Once again, the ex-NFL’er and his spouse were spared elimination because they raced just a little bit better than one other team. They have been yo-yo-ing from the top of the pack to the bottom all season, and now they’re at the back with only one leg to go. They suck at map-reading, and all it will take is one wrong turn at the wrong time, and they will find themselves in the “close but no cigar” category. I, for one, would love for them to be there at the end.
The following team was eliminated:
#5. Bill and Cathi - Trailing the pack the whole way, I worried about Bill’s ability to road-test a Ford Mustang to the high-octane level of expectation that the challenge demanded. (One does not equate farmer folk in their 60’s with having lead feet.) However, if Bill did have any difficulty, it wasn’t shown due to lack of time. By the time they reached the Hoofdburg, time was definitely not on their side, and ultimately, they were unable to overcome the time difference between themselves and the other teams.

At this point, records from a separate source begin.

lemma convex_feasible: "convex (feasible m A b m' B d)"
proof -
  have "feasible m A b m' B d = (\<Inter>i<m. {x. A i \<bullet> x = b i}) \<inter> (\<Inter>i<m'. {x. B i \<bullet> x \<le> d i})"
    by (auto simp: feasible_def)
  then show ?thesis
    by (simp add: convex_Int convex_INT convex_hyperplane convex_halfspace_le)
qed

lemma row_space_inner_eq_on_feasible:
  assumes "v \<in> row_space m A" and "y \<in> feasible m A b m' B d" and "z \<in> feasible m A b m' B d"
  shows "v \<bullet> y = v \<bullet> z"
proof -
  have "orthogonal (y - z) v"
  proof (rule orthogonal_to_span)
    show "v \<in> span (A ` {..<m})"
      using assms(1) by (simp add: row_space_def)
  next
    fix w
    assume "w \<in> A ` {..<m}"
    then show "orthogonal (y - z) w"
      using assms(2,3) by (auto simp: orthogonal_def feasible_def inner_diff_left inner_diff_right inner_commute)
  qed
  then show ?thesis
    by (simp add: orthogonal_def inner_diff_left inner_diff_right inner_commute)
qed

lemma Stab_Row_preserves_equalities:
  assumes "p \<in> Stab_Row m A" and "x\<^sub>0 \<in> feasible m A b m' B d" and "perm_act p x\<^sub>0 = x\<^sub>0"
    and "y \<in> feasible m A b m' B d" and "i < m"
  shows "A i \<bullet> perm_act p y = b i"
proof -
  have p: "p permutes UNIV"
    using assms(1) by (simp add: Stab_Row_def)
  have "A i \<in> row_space m A"
    using assms(5) by (simp add: row_space_def span_base)
  then have "perm_act (inv_into UNIV p) (A i) \<in> row_space m A"
    using inv_mem_Stab_Row[OF assms(1)] by (simp add: Stab_Row_def)
  then have "A i \<bullet> perm_act p y = A i \<bullet> perm_act p x\<^sub>0"
    using row_space_inner_eq_on_feasible assms(2,4) by (simp add: inner_perm_act_right[OF p])
  also have "\<dots> = b i"
    using assms(2,3,5) by (simp add: feasible_def)
  finally show ?thesis .
qed

lemma G_Bdc_preserves_inequalities:
  assumes "p \<in> G_Bdc m' B d c" and "\<forall>i<m'. B i \<bullet> y \<le> d i" and "i < m'"
  shows "B i \<bullet> perm_act p y \<le> d i"
proof -
  obtain \<sigma> where \<sigma>: "\<sigma> permutes {..<m'}"
    and rows: "\<And>i. i < m' \<Longrightarrow> d (\<sigma> i) = d i \<and> (\<forall>j. B (\<sigma> i) $ p j = B i $ j)"
    and p: "p permutes UNIV"
    using assms(1) by (auto simp: G_Bdc_def)
  obtain k where k: "k < m'" "\<sigma> k = i"
    using permutes_image[OF \<sigma>] assms(3) by (metis imageE lessThan_iff)
  have "B i = perm_act p (B k)"
    unfolding vec_eq_iff
  proof
    fix j
    have "B i $ p (inv_into UNIV p j) = B k $ inv_into UNIV p j"
      using rows[OF k(1)] k(2) by blast
    then show "B i $ j = perm_act p (B k) $ j"
      by (simp add: perm_act_def permutes_inverses[OF p])
  qed
  then have "B i \<bullet> perm_act p y = B k \<bullet> y"
    by (simp add: inner_perm_act[OF p])
  also have "\<dots> \<le> d k"
    using assms(2) k(1) by blast
  also have "\<dots> = d i"
    using rows[OF k(1)] k(2) by simp
  finally show ?thesis .
qed

lemma G_Null_fixing_feasible_point_mem_G_LP_c:
  assumes "p \<in> G_Null m A m' B d c" and "x\<^sub>0 \<in> feasible m A b m' B d" and "perm_act p x\<^sub>0 = x\<^sub>0"
  shows "p \<in> G_LP_c m A b m' B d c"
proof -
  have stab: "p \<in> Stab_Row m A" and bdc: "p \<in> G_Bdc m' B d c"
    using assms(1) by (auto simp: G_Null_def)
  then have p: "p permutes UNIV" and c: "perm_act p c = c"
    by (auto simp: G_Bdc_def)
  have "perm_act p y \<in> feasible m A b m' B d" if "y \<in> feasible m A b m' B d" for y
    using Stab_Row_preserves_equalities[OF stab assms(2,3) that] G_Bdc_preserves_inequalities[OF bdc] that
    by (simp add: feasible_def)
  moreover have "c \<bullet> perm_act p y = c \<bullet> y" for y
    using inner_perm_act[OF p, of c y] c by simp
  ultimately show ?thesis
    using p c by (simp add: G_LP_c_def G_LP_def)
qed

I cannot say enough about how much I respect Bill and Cathi. Given their age, I expected them to do what so many “older” couples have done in the past, and that is to be out in the first few legs. They never lost their cool, they were never anything but upbeat and cordial to everyone they met, and they are an example to be followed. There was an awesome moment when they were sailing their raft on the canal when Bill told a quizzical-looking passer-by that this was his and Cathi’s “first date”. That’s so awesome. I hope their kids and grandkids know just how lucky they are to have people like that in their family.